12/11/18 Show Feat. Kelsey Ockert on the Wondrous Workings of Planet Earth

Featured image: A rotting log supports an entire ecosystem, from base recyclers to apex predators. (Courtesy Rachel Ignotofsky)

Another featured book giveaway this week: Kelsey Ockert brings us The Wondrous Workings of Planet Earth, written and drawn by Rachel Ignotofsky. In captivating page-by-page diagrams of complex natural ecosystems, Ignotofsky illustrates the diversity of life while showing the interdependence of all organisms. See how Andean mountainscapes and underwater reefs support themselves, and what modern threats endanger each ecosystem the most.

The book was gifted to a lucky listener courtesy of the Princeton Public Library.

In other news:

  • The mysterious weather event, El Niño, disturbs the planet’s equilibrium once every few years. But a new class, El Niño Modoki, is enhanced by climate change and is overtaking the old as a typical global pattern.
  • By combining volcanic activity maps with artificial intelligence, we are teaching computers to predict new eruptions and save lives — but how smart are computers at reading our tectonic plates?

The playlist can be found online at WPRB.com or below.

Screenshot from 2019-02-01 09-07-33.png

1/15/19 Show feat.
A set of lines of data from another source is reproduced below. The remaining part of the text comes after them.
lemma reduction_square_completion:
  assumes eq: "Q\<^sup>2 + P = Q'\<^sup>2 + P'"
    and P: "0 \<le> gauss_val v P" and P': "0 \<le> gauss_val v P'" and Q: "0 < gauss_val v (smult 2 Q)"
  shows "map_poly red P = map_poly red P' + (map_poly red (Q' - Q))\<^sup>2"
proof -
  define D where "D = Q' - Q"
  have "P = Q'\<^sup>2 + P' - Q\<^sup>2"
    using eq by (metis add_diff_cancel_left')
  also have "\<dots> = (Q + D)\<^sup>2 + P' - Q\<^sup>2"
    by (simp add: D_def)
  also have "\<dots> = P' + D * D + smult 2 Q * D"
    by (simp add: smult_two power2_eq_square algebra_simps)
  finally have P_eq: "P = P' + D * D + smult 2 Q * D" .
  have D: "0 \<le> gauss_val v D" using square_completion_integral[OF P_eq P P' Q] .
  have DD: "0 \<le> gauss_val v (D * D)" using gauss_val_mult_nonneg[OF D D] .
  have cross: "0 < gauss_val v (smult 2 Q * D)"
    using Q D by (simp only: gauss_val_mult add_pos_nonneg)
  then have "map_poly red (smult 2 Q * D) = 0" by (simp add: map_poly_red_eq_0_iff)
  then have "map_poly red P = map_poly red (P' + D * D)"
    unfolding P_eq using P' DD cross
    by (subst map_poly_red_add) (simp_all add: gauss_val_add_ge)
  also have "\<dots> = map_poly red P' + (map_poly red D)\<^sup>2"
    using P' DD D by (simp add: map_poly_red_add map_poly_red_mult power2_eq_square)
  finally show ?thesis by (simp add: D_def)
qed

lemma square_reduction_improvable:
  assumes P: "0 \<le> gauss_val v P" and Q: "0 < gauss_val v (smult 2 Q)" and s: "map_poly red P = s\<^sup>2"
  obtains S where "degree S \<le> degree s" "0 < gauss_val v (Q\<^sup>2 + P - (Q + S)\<^sup>2)"
proof -
  obtain S where S: "map_poly red S = s" "0 \<le> gauss_val v S" and "degree S \<le> degree s"
    by (rule lift_poly)
  have SS: "0 \<le> gauss_val v (S * S)" using gauss_val_mult_nonneg[OF S(2) S(2)] .
  have "map_poly red (P - S * S) = 0"
    using P SS S s by (simp add: map_poly_red_diff map_poly_red_mult power2_eq_square)
  then have "0 < gauss_val v (P - S * S)"
    using P SS by (simp add: map_poly_red_eq_0_iff gauss_val_diff_ge)
  moreover have "0 < gauss_val v (smult 2 Q * S)"
    using Q S(2) by (simp only: gauss_val_mult add_pos_nonneg)
  ultimately have "0 < gauss_val v (P - S * S - smult 2 Q * S)"
    by (rule gauss_val_diff_gt)
  also have "P - S * S - smult 2 Q * S = Q\<^sup>2 + P - (Q + S)\<^sup>2"
    by (simp add: smult_two power2_eq_square algebra_simps)
  finally show ?thesis using that \<open>degree S \<le> degree s\<close> by blast
qed

end

section \<open>Part-square decompositions\<close>

locale residue_char_2 = residue_field v red for v :: "'a::field \<Rightarrow> ereal" and red :: "'a \<Rightarrow> 'k::field" +
  assumes residue_char_2: "(2::'k) = 0"
begin

lemma v_two_pos: "0 < v 2"
proof -
  have "0 \<le> v (1 + 1 :: 'a)" by (rule v_add_ge) simp_all
  then have nonneg: "0 \<le> v (2::'a)" by simp
  have "red (2::'a) = 0" using red_add[of 1 1] residue_char_2 by simp
  then show ?thesis using red_eq_0_iff nonneg by blast
qed

lemma gauss_val_double_scaled_pos:
  assumes h: "h = q\<^sup>2 + \<rho>" "h \<noteq> 0" and t: "tval v h \<rho> < 2 * v 2"
    and \<beta>: "v (\<beta> * \<beta>) = gauss_val v \<rho>"
  shows "0 < gauss_val v (smult 2 (smult (inverse \<beta>) q))"
proof (cases "q = 0")
  case False
  have "\<rho> \<noteq> 0" using tval_less_imp_nonzero h(2) t .
  obtain a where a: "gauss_val v h = ereal a" using gauss_val_finite h(2) by blast
  obtain b where b: "gauss_val v \<rho> = ereal b" using gauss_val_finite \<open>\<rho> \<noteq> 0\<close> by blast
  obtain m where m: "gauss_val v q = ereal m" using gauss_val_finite False by blast
  have "\<beta> \<noteq> 0" using \<beta> b by auto
  then obtain e where e: "v \<beta> = ereal e" using v_finite by blast
  have "2 * e = b" using \<beta> b e by (simp add: v_mult)
  have scaled: "gauss_val v (smult 2 (smult (inverse \<beta>) q)) = v 2 + ereal (m - e)"
    using \<open>\<beta> \<noteq> 0\<close> by (simp add: gauss_val_smult v_mult v_inverse e m add.assoc)
  show ?thesis
  proof (cases "v 2")
    case (real w)
    have "0 < w" using v_two_pos real by simp
    have "b < 2 * w + 2 * m"
    proof (cases "2 * m < b")
      case True
      \<comment> \<open>then \<open>q\<^sup>2\<close> dominates \<open>h\<close>, so the hypothesis on \<open>tval\<close> says exactly this\<close>
      have "gauss_val v (q\<^sup>2) = ereal (2 * m)"
        using m by (simp add: power2_eq_square gauss_val_mult)
      then have "gauss_val v h = ereal (2 * m)"
        using h(1) True b gauss_val_add_eq_left by simp
      then show ?thesis using t a b real by (simp add: tval_def)
    qed (use \<open>0 < w\<close> in simp)
    then show ?thesis using scaled real \<open>2 * e = b\<close> by simp
  qed (use scaled v_two_pos in simp_all)
qed simp

end

locale part_square_decomposition = residue_char_2 v red
  for v :: "'a::field \<Rightarrow> ereal" and red :: "'a \<Rightarrow> 'k::field" +
  fixes h q \<rho> :: "'a poly"
  assumes decomp: "part_square_decomp h q \<rho>" and h_nonzero: "h \<noteq> 0"
    and tval_less: "tval v h \<rho> < 2 * v 2"
    and square_root_exists: "\<exists>y. y * y = (x::'a)"
begin

lemma h_eq: "h = q\<^sup>2 + \<rho>"
  using decomp unfolding part_square_decomp_def by blast

lemma rho_nonzero: "\<rho> \<noteq> 0"
  using tval_less_imp_nonzero h_nonzero tval_less .

lemma degree_rho_le: "degree \<rho> \<le> degree h + 1"
proof -
  have "2 * degree q \<le> degree h + 1" using decomp unfolding part_square_decomp_def by linarith
  moreover have "degree \<rho> \<le> max (degree h) (degree (q\<^sup>2))"
    using degree_diff_le_max[of h "q\<^sup>2"] h_eq by simp
  ultimately show ?thesis using degree_power_le[of q 2] by linarith
qed

lemma degree_square_root_le:
  assumes "map_poly red (smult c \<rho>) = s\<^sup>2" shows "2 * degree s \<le> degree h + 1"
proof -
  have "2 * degree s = degree (s\<^sup>2)"
    by (cases "s = 0") (simp_all add: degree_power_eq)
  also have "\<dots> \<le> degree (smult c \<rho>)"
    unfolding assms[symmetric] by (rule map_poly_degree_leq)
  also have "\<dots> \<le> degree \<rho>" by simp
  finally show ?thesis using degree_rho_le by linarith
qed

lemma good_decomp_iff_maximal:
  "good_decomp v h q \<rho> \<longleftrightarrow> (\<forall>q' \<rho>'. part_square_decomp h q' \<rho>' \<longrightarrow> gauss_val v \<rho>' \<le> gauss_val v \<rho>)"
  using decomp tval_less unfolding good_decomp_def tval_less_tval_iff[OF h_nonzero]
  by (auto simp: not_less not_le)

lemma scaling_square_root:
  assumes "v \<gamma> = gauss_val v \<rho>"
  obtains \<beta> where "\<beta> * \<beta> = \<gamma>" "0 < gauss_val v (smult 2 (smult (inverse \<beta>) q))"
proof -
  obtain \<beta> where "\<beta> * \<beta> = \<gamma>" using square_root_exists by blast
  then show ?thesis
    using gauss_val_double_scaled_pos[OF h_eq h_nonzero tval_less] assms that by simp
qed

lemma reduction_differs_by_square:
  assumes decomp': "part_square_decomp h q' \<rho>'" and le: "gauss_val v \<rho> \<le> gauss_val v \<rho>'"
    and \<gamma>: "v \<gamma> = gauss_val v \<rho>"
  shows "\<exists>X. map_poly red (smult (inverse \<gamma>) \<rho>) = map_poly red (smult (inverse \<gamma>) \<rho>') + X\<^sup>2"
proof -
  obtain \<beta> where \<beta>: "\<beta> * \<beta> = \<gamma>" and Q: "0 < gauss_val v (smult 2 (smult (inverse \<beta>) q))"
    using scaling_square_root \<gamma> .
  have "\<gamma> \<noteq> 0" using \<gamma> rho_nonzero by (metis gauss_val_eq_infinity_iff v_zero)
  have "smult (inverse \<gamma>) (q\<^sup>2 + \<rho>) = smult (inverse \<gamma>) (q'\<^sup>2 + \<rho>')"
    using h_eq decomp' unfolding part_square_decomp_def by simp
  then have "(smult (inverse \<beta>) q)\<^sup>2 + smult (inverse \<gamma>) \<rho> = (smult (inverse \<beta>) q')\<^sup>2 + smult (inverse \<gamma>) \<rho>'"
    by (simp only: smult_add_right smult_inverse_square[OF \<beta>])
  moreover have "0 \<le> gauss_val v (smult (inverse \<gamma>) \<rho>)"
    using gauss_val_normalize[OF rho_nonzero \<gamma>] by simp
  moreover have "0 \<le> gauss_val v (smult (inverse \<gamma>) \<rho>')"
    using gauss_val_smult_inverse_nonneg \<open>\<gamma> \<noteq> 0\<close> \<gamma> le by simp
  ultimately show ?thesis using reduction_square_completion Q by blast
qed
Lili Cai and Anne Mennen on Fear Memories in Rodents and Humans

Featured image: Memories lodge themselves all across your brain, and are altered each time we remember them. (Courtesy MIT News)

On this week’s show, colleagues in the Princeton Neuroscience Institute Lili Cai and Anne Mennen dive into their research on fearful memories. We investigate where memories are physically stored in our heads, and what we can do to strengthen or weaken a memory—since for some, memories prolong the trauma of an unforgettable event. In their graduate research, Lili and Anne gather brain data from their subjects through different means: Lili in rats via direct neurosurgery, and Anne in humans with sophisticated brain imagers. Together, they test our models of memory and learn how we can manipulate what we remember for our own good.

In other news: Immediately after the clock ticked into 2019, the NASA spacecraft New Horizons flew by a foreign object, Ultima Thule, which is the furthest solid body from the sun we have studied up close. Seeing this primordial snowman tells us how small rocks built planets in the early solar system — it’s a time capsule from 4 billion years ago!

The playlist can be found online at WPRB.com or below.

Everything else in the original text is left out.